» **Task to complete**: Find the line that contains "unfolding Epiece_eq_coset2 Tz_eq_z2_lift[OF". Repeat that line and all lines following it, exactly, through the end of the listing below.

———

theorem proposition2:
  fixes N :: "'n set" and E :: "'n \<Rightarrow> 'n \<Rightarrow> bool"
    and m h :: nat and M :: "nat \<Rightarrow> 'n set"
    and a :: "'n \<Rightarrow> nat \<Rightarrow> real" and C :: "nat \<Rightarrow> nat \<Rightarrow> 'n set"
  assumes finN: "finite N"
    and E_in: "\<And>i j. E i j \<Longrightarrow> i \<in> N \<and> j \<in> N"
    and E_sym: "\<And>i j. E i j \<Longrightarrow> E j i"
    and connected: "\<forall>i\<in>N. \<forall>j\<in>N. E\<^sup>*\<^sup>* i j"
    and M_nonempty: "\<forall>p\<in>{1..m}. M p \<noteq> {}"
    and M_disjoint: "\<forall>p\<in>{1..m}. \<forall>q\<in>{1..m}. p \<noteq> q \<longrightarrow> M p \<inter> M q = {}"
    and M_cover: "(\<Union>p\<in>{1..m}. M p) = N"
    and h_pos: "h \<ge> 1"
    and C_init: "\<forall>p\<in>{1..m}. C 0 p = M p"
    and C_step: "\<forall>r<m - 1. iteration_step E a h m (C r) (C (Suc r))"
  shows "(\<forall>p\<in>{1..m}. self_sufficient a h (C (m - 1) p)) \<or> (\<forall>p\<in>{1..m}. C (m - 1) p = N)"
proof -
  have "coalition_cover N m (C 0)"
    using C_init M_nonempty M_cover unfolding coalition_cover_def by simp
  with coalitions_after_iterations[OF E_in E_sym connected _ C_step]
  have cover: "coalition_cover N m (C (m - 1))"
    and count: "settled a h N m (C (m - 1)) \<or> card (C (m - 1) ` {1..m}) + (m - 1) \<le> m"
    by auto
  show ?thesis
  proof (cases "settled a h N m (C (m - 1))")
    case False
    then have "m \<ge> 1" unfolding settled_def by auto
    with False count have "card (C (m - 1) ` {1..m}) \<le> 1" by simp
    with coalition_cover_single[OF cover \<open>m \<ge> 1\<close>] show ?thesis by blast
  qed (simp add: settled_def)
qed

end
lemma topical_log_conjugate:
  fixes f :: "real^'n \<Rightarrow> real^'n"
  assumes maps: "\<forall>x\<in>pos_cone. f x \<in> pos_cone"
    and hom: "homogeneous_on_cone f" and mon: "monotone_on_cone f"
  shows "topical (log_conjugate f)"
  unfolding topical_def
proof (intro allI conjI)
  fix y z :: "real^'n" and i
  define M where "M = (MAX j. (y - z) $ j)"
  define m where "m = (MIN j. (y - z) $ j)"
  have pos: "f (vec_exp y) $ i > 0" "f (vec_exp z) $ i > 0"
    using maps vec_exp_in_pos_cone by (auto simp: pos_cone_def)
  have diff: "(log_conjugate f y - log_conjugate f z) $ i = ln (f (vec_exp y) $ i) - ln (f (vec_exp z) $ i)"
    by (simp add: log_conjugate_def vec_ln_def)
  have "y $ j - z $ j \<le> M" "m \<le> y $ j - z $ j" for j
    unfolding M_def m_def by simp_all
  then have "y $ j \<le> M + z $ j" "m + z $ j \<le> y $ j" for j
    by (simp_all add: diff_le_eq le_diff_eq)
  then have "vec_exp y $ j \<le> exp M * vec_exp z $ j" "exp m * vec_exp z $ j \<le> vec_exp y $ j" for j
    by (simp_all add: vec_exp_def exp_add[symmetric])
  then have "f (vec_exp y) $ i \<le> exp M * f (vec_exp z) $ i"
    and "exp m * f (vec_exp z) $ i \<le> f (vec_exp y) $ i"
    using homogeneous_monotone_le_scaled[OF hom mon vec_exp_in_pos_cone vec_exp_in_pos_cone exp_gt_zero]
    by blast+
  with pos have "ln (f (vec_exp y) $ i) \<le> ln (exp M * f (vec_exp z) $ i)"
    and "ln (exp m * f (vec_exp z) $ i) \<le> ln (f (vec_exp y) $ i)"
    by simp_all
  with pos show "(log_conjugate f y - log_conjugate f z) $ i \<le> (MAX j. (y - z) $ j)"
    and "(MIN j. (y - z) $ j) \<le> (log_conjugate f y - log_conjugate f z) $ i"
    unfolding diff M_def[symmetric] m_def[symmetric] by (simp_all add: ln_mult_pos)
qed
lemma Tz_even_contracts:
  assumes m: "even m" "2 \<le> m" and x: "x \<in> Z2" and d: "z2_dist x (z2_of_int 1) < 1"
  shows "z2_dist (Tz m x) (z2_of_int 1) \<le> 1/2 * z2_dist x (z2_of_int 1)"
proof (cases "x = z2_of_int 1")
  case True
  then show ?thesis by (simp add: Tz_z2_of_int[OF m(2)] chebT_one z2_dist_def)
next
  case False
  obtain j where j: "m = 2 * j" using m(1) by blast
  obtain g where g: "z2_dist x (z2_of_int 1) = (1/2) ^ g" "x g = z2_of_int 1 g"
    using z2_dist_eq_pow[OF x z2_of_int_in_Z2 False] by blast
  have "g \<noteq> 0" using g(1) d by (cases g) auto
  then have one: "(1::int) mod 2 ^ g = 1" by (simp add: one_less_power)
  have "x (Suc g) mod 2 ^ g = x g" by (rule Z2_mod[OF x]) simp
  then have "x (Suc g) mod 2 ^ g = 1 mod 2 ^ g" using g(2) one by (simp add: z2_of_int_def)
  then have "2 ^ g dvd x (Suc g) - 1" by (simp only: mod_eq_dvd_iff)
  then have "2 ^ (g + 1) dvd chebT m (x (Suc g)) - 1" unfolding j by (rule chebT_even_near_one)
  then have "chebT m (x (Suc g)) mod 2 ^ Suc g = 1 mod 2 ^ Suc g"
    by (metis Suc_eq_plus1 mod_eq_dvd_iff)
  then have "Tz m x (Suc g) = z2_of_int 1 (Suc g)"
    unfolding Tz_eq_z2_lift[OF m(2)] z2_lift_def z2_of_int_def .
  moreover have "Tz m x \<in> Z2"
    unfolding Tz_eq_z2_lift[OF m(2)] by (rule z2_lift_in_Z2[OF chebT_pow2_compatible x])
  ultimately have "z2_dist (Tz m x) (z2_of_int 1) \<le> (1/2) ^ Suc g"
    using z2_dist_le z2_of_int_in_Z2 by blast
  then show ?thesis using g(1) by simp
qed

lemma Tz_even_converges:
  assumes m: "even m" "2 \<le> m" and x: "x \<in> Z2" and e: "0 < e"
  shows "\<exists>K. \<forall>k\<ge>K. z2_dist ((Tz m ^^ k) x) (z2_of_int 1) < e"
proof -
  obtain K where K: "(1/2::real) ^ K < e" using exists_pow_half_less[OF e] by blast
  note lift = z2_lift_funpow[OF chebT_pow2_compatible[of m] x, folded Tz_eq_z2_lift[OF m(2)]]
  have "z2_dist ((Tz m ^^ k) x) (z2_of_int 1) < e" if k: "K \<le> k" for k
  proof -
    have "((Tz m ^^ k) x) k = (chebT m ^^ k) (x k) mod 2 ^ k" using lift by blast
    also have "\<dots> = z2_of_int 1 k"
      unfolding z2_of_int_def using chebT_even_funpow_near_one[OF m(1)] by (simp only: mod_eq_dvd_iff)
    finally have "z2_dist ((Tz m ^^ k) x) (z2_of_int 1) \<le> (1/2) ^ k"
      using lift z2_of_int_in_Z2 z2_dist_le by blast
    also have "(1/2::real) ^ k \<le> (1/2) ^ K" using k by (intro power_decreasing) auto
    finally show ?thesis using K by linarith
  qed
  then show ?thesis by blast
qed

theorem theorem2:
  fixes m :: nat
  assumes "m \<ge> 2"
  shows "(even m \<longrightarrow>
            Tz m (z2_of_int 1) = z2_of_int 1
          \<and> (\<exists>r>0. \<exists>c<1. \<forall>x\<in>Z2. z2_dist x (z2_of_int 1) < r \<longrightarrow>
                 z2_dist (Tz m x) (z2_of_int 1) \<le> c * z2_dist x (z2_of_int 1))
          \<and> (\<forall>x\<in>Z2. \<forall>e>0. \<exists>K. \<forall>k\<ge>K. z2_dist ((Tz m ^^ k) x) (z2_of_int 1) < e))
       \<and> (odd m \<longrightarrow>
            s_of m \<ge> 2
          \<and> Z2 = {z2_of_int 0, z2_of_int 1, z2_of_int (-1)} \<union> (\<Union>j\<in>Eidx (s_of m). Epiece (s_of m) j)
          \<and> (\<forall>j\<in>Eidx (s_of m). Epiece (s_of m) j \<inter> {z2_of_int 0, z2_of_int 1, z2_of_int (-1)} = {})
          \<and> (\<forall>j\<in>Eidx (s_of m). \<forall>j'\<in>Eidx (s_of m). j \<noteq> j' \<longrightarrow>
                 Epiece (s_of m) j \<inter> Epiece (s_of m) j' = {})
          \<and> Tz m (z2_of_int 0) = z2_of_int 0
          \<and> Tz m (z2_of_int 1) = z2_of_int 1
          \<and> Tz m (z2_of_int (-1)) = z2_of_int (-1)
          \<and> (\<forall>j\<in>Eidx (s_of m). Tz m ` Epiece (s_of m) j \<subseteq> Epiece (s_of m) j
                 \<and> minimal_on (Tz m) (Epiece (s_of m) j)))"
proof (intro conjI impI)
  assume "even m"
  show "Tz m (z2_of_int 1) = z2_of_int 1" by (simp add: Tz_z2_of_int[OF assms] chebT_one)
  show "\<exists>r>0. \<exists>c<1. \<forall>x\<in>Z2. z2_dist x (z2_of_int 1) < r \<longrightarrow>
      z2_dist (Tz m x) (z2_of_int 1) \<le> c * z2_dist x (z2_of_int 1)"
    using Tz_even_contracts[OF \<open>even m\<close> assms] by (intro exI[of _ 1]) (auto intro!: exI[of _ "1/2"])
  show "\<forall>x\<in>Z2. \<forall>e>0. \<exists>K. \<forall>k\<ge>K. z2_dist ((Tz m ^^ k) x) (z2_of_int 1) < e"
    using Tz_even_converges[OF \<open>even m\<close> assms] by blast
next
  assume "odd m"
  then have s: "2 \<le> s_of m" using s_of_greatest(1) assms by blast
  then show "s_of m \<ge> 2" .
  show "Z2 = {z2_of_int 0, z2_of_int 1, z2_of_int (-1)} \<union> (\<Union>j\<in>Eidx (s_of m). Epiece (s_of m) j)"
    using Z2_covered_by_pieces[OF _ s] z2_of_int_in_Z2 by (auto simp: Epiece_eq_coset2 coset2_eq)
  show "\<forall>j\<in>Eidx (s_of m). Epiece (s_of m) j \<inter> {z2_of_int 0, z2_of_int 1, z2_of_int (-1)} = {}"
    using fixed_point_not_in_piece[OF s] by auto
  show "\<forall>j\<in>Eidx (s_of m). \<forall>j'\<in>Eidx (s_of m). j \<noteq> j' \<longrightarrow> Epiece (s_of m) j \<inter> Epiece (s_of m) j' = {}"
    using pieces_disjoint[OF s] by blast
  show "Tz m (z2_of_int 0) = z2_of_int 0" "Tz m (z2_of_int 1) = z2_of_int 1"
    "Tz m (z2_of_int (-1)) = z2_of_int (-1)"
    using \<open>odd m\<close> by (simp_all add: Tz_z2_of_int[OF assms] chebT_zero chebT_one chebT_minus_one)
  show "\<forall>j\<in>Eidx (s_of m). Tz m ` Epiece (s_of m) j \<subseteq> Epiece (s_of m) j \<and> minimal_on (Tz m) (Epiece (s_of m) j)"
  proof
    fix J assume "J \<in> Eidx (s_of m)"
    then interpret coset_odometer "chebT m" "piece_base J" "piece_level (s_of m) J"
      by (rule piece_coset_odometer[OF \<open>odd m\<close> assms])
    show "Tz m ` Epiece (s_of m) J \<subseteq> Epiece (s_of m) J \<and> minimal_on (Tz m) (Epiece (s_of m) J)"
      unfolding Epiece_eq_coset2 Tz_eq_z2_lift[OF assms]
      using z2_lift_coset2_subset z2_lift_minimal_on_coset2 by blast
  qed
qed

end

———

» **Result for this task**:
      unfolding Epiece_eq_coset2 Tz_eq_z2_lift[OF assms]
      using z2_lift_coset2_subset z2_lift_minimal_on_coset2 by blast
  qed
qed

end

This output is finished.